Search the records below for the string "close" and copy each line where it turns up.
== MATERIALS PROVIDED ==
(* Let $\mathcal{C}$ and $\mathcal{D}$ be $*$-categories. If $\mathcal{D}$ is a pre-Hilbert $*$-category, then $[\mathcal{C},\mathcal{D}]_*$ is also a pre-Hilbert $*$-category.
   Context: A $*$-category is a category with a choice of $f^*\colon Y\to X$ for each $f\colon X\to Y$ such that $1^*=1$, $(gf)^*=f^*g^*$, $(f^* )^*=f$; $f$ is an isometry if $f^*f=1$. A $*$-functor is a functor $F$ between $*$-categories with $F(f^* )=(Ff)^*$. $[\mathcal{C},\mathcal{D}]_*$ is the full subcategory of the functor category $[\mathcal{C},\mathcal{D}]$ on the $*$-functors, made into a $*$-category by the componentwise involution $(\sigma^* )_X=(\sigma_X)^*$ for natural transformations $\sigma$. A pre-Hilbert $*$-category is a $*$-category in which (R1) there is a zero object, (R2) every pair of objects has an orthonormal biproduct (a biproduct $(X,s_1,r_1,s_2,r_2)$ with $r_k=s_k^*$), (R3) every morphism has an isometric kernel (an equaliser with the zero morphism that is an isometry), and (R4) every diagonal $\Delta\colon X\to X\oplus X$ is a normal monomorphism (a kernel of some morphism). *)

theory Defs
  imports Main
begin

text \<open>A category: objects, arrows, domain, codomain, identities and composition
  (c_comp g f means g after f).  A *-category additionally carries an involution.\<close>

record ('o, 'a) cat =
  c_obj  :: "'o set"
  c_arr  :: "'a set"
  c_dom  :: "'a \<Rightarrow> 'o"
  c_cod  :: "'a \<Rightarrow> 'o"
  c_id   :: "'o \<Rightarrow> 'a"
  c_comp :: "'a \<Rightarrow> 'a \<Rightarrow> 'a"

record ('o, 'a) star_cat = "('o, 'a) cat" +
  c_star :: "'a \<Rightarrow> 'a"

definition hom :: "('o, 'a, 'm) cat_scheme \<Rightarrow> 'o \<Rightarrow> 'o \<Rightarrow> 'a set" where
  "hom C X Y = {f \<in> c_arr C. c_dom C f = X \<and> c_cod C f = Y}"

definition category :: "('o, 'a, 'm) cat_scheme \<Rightarrow> bool" where
  "category C \<longleftrightarrow>
     (\<forall>f \<in> c_arr C. c_dom C f \<in> c_obj C \<and> c_cod C f \<in> c_obj C) \<and>
     (\<forall>X \<in> c_obj C. c_id C X \<in> hom C X X) \<and>
     (\<forall>f g. f \<in> c_arr C \<longrightarrow> g \<in> c_arr C \<longrightarrow> c_cod C f = c_dom C g \<longrightarrow>
        c_comp C g f \<in> hom C (c_dom C f) (c_cod C g)) \<and>
     (\<forall>f \<in> c_arr C. c_comp C (c_id C (c_cod C f)) f = f \<and> c_comp C f (c_id C (c_dom C f)) = f) \<and>
     (\<forall>f g h. f \<in> c_arr C \<longrightarrow> g \<in> c_arr C \<longrightarrow> h \<in> c_arr C \<longrightarrow>
        c_cod C f = c_dom C g \<longrightarrow> c_cod C g = c_dom C h \<longrightarrow>
        c_comp C h (c_comp C g f) = c_comp C (c_comp C h g) f)"

definition star_category :: "('o, 'a, 'm) star_cat_scheme \<Rightarrow> bool" where
  "star_category C \<longleftrightarrow> category C \<and>
     (\<forall>f \<in> c_arr C. c_star C f \<in> hom C (c_cod C f) (c_dom C f)) \<and>
     (\<forall>X \<in> c_obj C. c_star C (c_id C X) = c_id C X) \<and>
     (\<forall>f g. f \<in> c_arr C \<longrightarrow> g \<in> c_arr C \<longrightarrow> c_cod C f = c_dom C g \<longrightarrow>
        c_star C (c_comp C g f) = c_comp C (c_star C f) (c_star C g)) \<and>
     (\<forall>f \<in> c_arr C. c_star C (c_star C f) = f)"

definition isometry :: "('o, 'a, 'm) star_cat_scheme \<Rightarrow> 'a \<Rightarrow> bool" where
  "isometry C f \<longleftrightarrow> f \<in> c_arr C \<and> c_comp C (c_star C f) f = c_id C (c_dom C f)"

text \<open>A functor is a pair (object map, arrow map); maps are extensional
  (undefined outside the objects/arrows of the source), so that functors are determined
  by their action on C.\<close>

type_synonym ('o1, 'a1, 'o2, 'a2) functr = "('o1 \<Rightarrow> 'o2) \<times> ('a1 \<Rightarrow> 'a2)"

definition is_functor ::
  "('o1, 'a1, 'm1) cat_scheme \<Rightarrow> ('o2, 'a2, 'm2) cat_scheme \<Rightarrow> ('o1, 'a1, 'o2, 'a2) functr \<Rightarrow> bool" where
  "is_functor C D F \<longleftrightarrow>
     (\<forall>X \<in> c_obj C. fst F X \<in> c_obj D \<and> snd F (c_id C X) = c_id D (fst F X)) \<and>
     (\<forall>f \<in> c_arr C. snd F f \<in> hom D (fst F (c_dom C f)) (fst F (c_cod C f))) \<and>
     (\<forall>f g. f \<in> c_arr C \<longrightarrow> g \<in> c_arr C \<longrightarrow> c_cod C f = c_dom C g \<longrightarrow>
        snd F (c_comp C g f) = c_comp D (snd F g) (snd F f)) \<and>
     (\<forall>X. X \<notin> c_obj C \<longrightarrow> fst F X = undefined) \<and>
     (\<forall>f. f \<notin> c_arr C \<longrightarrow> snd F f = undefined)"

definition star_functor ::
  "('o1, 'a1, 'm1) star_cat_scheme \<Rightarrow> ('o2, 'a2, 'm2) star_cat_scheme \<Rightarrow> ('o1, 'a1, 'o2, 'a2) functr \<Rightarrow> bool" where
  "star_functor C D F \<longleftrightarrow> is_functor C D F \<and>
     (\<forall>f \<in> c_arr C. snd F (c_star C f) = c_star D (snd F f))"

definition nat_trans ::
  "('o1, 'a1, 'm1) cat_scheme \<Rightarrow> ('o2, 'a2, 'm2) cat_scheme \<Rightarrow>
   ('o1, 'a1, 'o2, 'a2) functr \<Rightarrow> ('o1, 'a1, 'o2, 'a2) functr \<Rightarrow> ('o1 \<Rightarrow> 'a2) \<Rightarrow> bool" where
  "nat_trans C D F G \<sigma> \<longleftrightarrow> is_functor C D F \<and> is_functor C D G \<and>
     (\<forall>X \<in> c_obj C. \<sigma> X \<in> hom D (fst F X) (fst G X)) \<and>
     (\<forall>f \<in> c_arr C. c_comp D (\<sigma> (c_cod C f)) (snd F f) = c_comp D (snd G f) (\<sigma> (c_dom C f))) \<and>
     (\<forall>X. X \<notin> c_obj C \<longrightarrow> \<sigma> X = undefined)"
===
* YOUR RESPONSE
  (c_comp g f means g after f).  A *-category additionally carries an involution.\<close>
  by their action on C.\<close>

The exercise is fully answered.